> Aim of the task:
The records follow. Count the lines holding "longleftrightarrow" and give only the number.

> Saved entries:
__________

lemma design_condition_iff_hess_mult_self_zero:
  "design_condition \<eta> \<longleftrightarrow> convex_on UNIV \<eta> \<and> \<eta> 0 = 0 \<and> (\<forall>v. hess_mult \<eta> v v = 0)"
proof
  assume "design_condition \<eta>"
  then show "convex_on UNIV \<eta> \<and> \<eta> 0 = 0 \<and> (\<forall>v. hess_mult \<eta> v v = 0)"
    using design_condition_imp_hess_mult_self_zero unfolding design_condition_def by blast
next
  assume "convex_on UNIV \<eta> \<and> \<eta> 0 = 0 \<and> (\<forall>v. hess_mult \<eta> v v = 0)"
  then show "design_condition \<eta>"
    unfolding design_condition_def ncterm_def by simp
qed

lemma has_derivative_euler_defect:
  fixes \<eta> :: "real^'n \<Rightarrow> real"
  assumes "twice_differentiable \<eta>"
  shows "((\<lambda>v. v \<bullet> grad \<eta> v - \<eta> v) has_derivative (\<lambda>h. h \<bullet> hess_mult \<eta> v v)) (at v)"
proof -
  define d where "d j = dderiv [axis j 1] \<eta>" for j
  have d_diff: "d j differentiable (at v)" for j
    using assms unfolding twice_differentiable_def d_def by blast
  have \<eta>_diff: "\<eta> differentiable (at v)"
    using assms unfolding twice_differentiable_def by blast
  have "((\<lambda>v. (\<Sum>j\<in>UNIV. v$j * d j v) - \<eta> v) has_derivative
      (\<lambda>h. (\<Sum>j\<in>UNIV. v$j * frechet_derivative (d j) (at v) h + h$j * d j v)
           - frechet_derivative \<eta> (at v) h)) (at v)"
    by (intro has_derivative_diff has_derivative_sum has_derivative_mult
        bounded_linear_imp_has_derivative[OF bounded_linear_vec_nth]
        d_diff[unfolded frechet_derivative_works] \<eta>_diff[unfolded frechet_derivative_works])
  moreover have "(\<Sum>j\<in>UNIV. v$j * frechet_derivative (d j) (at v) h + h$j * d j v)
      - frechet_derivative \<eta> (at v) h = h \<bullet> hess_mult \<eta> v v" for h
  proof -
    have second_partials: "frechet_derivative (d j) (at v) h = (\<Sum>i\<in>UNIV. h$i * dderiv [axis i 1, axis j 1] \<eta> v)"
      for j
      using frechet_derivative_eq_sum_axis[OF d_diff, of j h] by (simp add: d_def)
    have "(\<Sum>j\<in>UNIV. v$j * frechet_derivative (d j) (at v) h + h$j * d j v)
        - frechet_derivative \<eta> (at v) h = (\<Sum>j\<in>UNIV. v$j * frechet_derivative (d j) (at v) h)"
      unfolding frechet_derivative_eq_sum_axis[OF \<eta>_diff] d_def by (simp only: sum.distrib)
    also have "\<dots> = (\<Sum>j\<in>UNIV. \<Sum>i\<in>UNIV. h$i * (dderiv [axis i 1, axis j 1] \<eta> v * v$j))"
      unfolding second_partials by (simp add: sum_distrib_left mult_ac)
    also have "\<dots> = (\<Sum>i\<in>UNIV. \<Sum>j\<in>UNIV. h$i * (dderiv [axis i 1, axis j 1] \<eta> v * v$j))"
      by (rule sum.swap)
    also have "\<dots> = h \<bullet> hess_mult \<eta> v v"
      by (simp add: inner_vec_def hess_mult_def sum_distrib_left)
    finally show ?thesis .
  qed
  moreover have "(\<lambda>v. v \<bullet> grad \<eta> v - \<eta> v) = (\<lambda>v. (\<Sum>j\<in>UNIV. v$j * d j v) - \<eta> v)"
    by (simp add: inner_vec_def grad_def d_def)
  ultimately show ?thesis
    by simp
qed

lemma euler_identity_iff_hess_mult_self_zero:
  fixes \<eta> :: "real^'n \<Rightarrow> real"
  assumes "twice_differentiable \<eta>"
  shows "(\<forall>v. v \<bullet> grad \<eta> v = \<eta> v) \<longleftrightarrow> \<eta> 0 = 0 \<and> (\<forall>v. hess_mult \<eta> v v = 0)"
proof
  assume euler: "\<forall>v. v \<bullet> grad \<eta> v = \<eta> v"
  have "hess_mult \<eta> v v = 0" for v
  proof -
    have "((\<lambda>v. v \<bullet> grad \<eta> v - \<eta> v) has_derivative (\<lambda>h. 0)) (at v)"
      using euler by simp
    with has_derivative_euler_defect[OF assms]
    have "(\<lambda>h. h \<bullet> hess_mult \<eta> v v) = (\<lambda>h. 0)"
      by (rule has_derivative_unique)
    then have "hess_mult \<eta> v v \<bullet> hess_mult \<eta> v v = 0"
      by (rule fun_cong)
    then show ?thesis
      by simp
  qed
  moreover have "\<eta> 0 = 0"
    using euler by (metis inner_zero_left)
  ultimately show "\<eta> 0 = 0 \<and> (\<forall>v. hess_mult \<eta> v v = 0)"
    by blast
next
  assume hess: "\<eta> 0 = 0 \<and> (\<forall>v. hess_mult \<eta> v v = 0)"
  then have "((\<lambda>v. v \<bullet> grad \<eta> v - \<eta> v) has_derivative (\<lambda>h. 0)) (at v within UNIV)" for v
    using has_derivative_euler_defect[OF assms, of v] by simp
  then have "\<exists>c. \<forall>v\<in>UNIV. v \<bullet> grad \<eta> v - \<eta> v = c"
    by (rule has_derivative_zero_constant[OF convex_UNIV])
  then obtain c where c: "\<And>v. v \<bullet> grad \<eta> v - \<eta> v = c"
    by blast
  moreover have "c = 0"
    using c[of 0] hess by simp
  ultimately show "\<forall>v. v \<bullet> grad \<eta> v = \<eta> v"
    by simp
qed

theorem lemma2:
  fixes \<eta> :: "real^'n \<Rightarrow> real"
  assumes "twice_differentiable \<eta>"
    and "convex_on UNIV \<eta>"
  shows "design_condition \<eta> \<longleftrightarrow> (\<forall>v. v \<bullet> grad \<eta> v = \<eta> v)"
  by (simp add: design_condition_iff_hess_mult_self_zero
      euler_identity_iff_hess_mult_self_zero[OF assms(1)] assms(2))

end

__________

> Exercise result:
3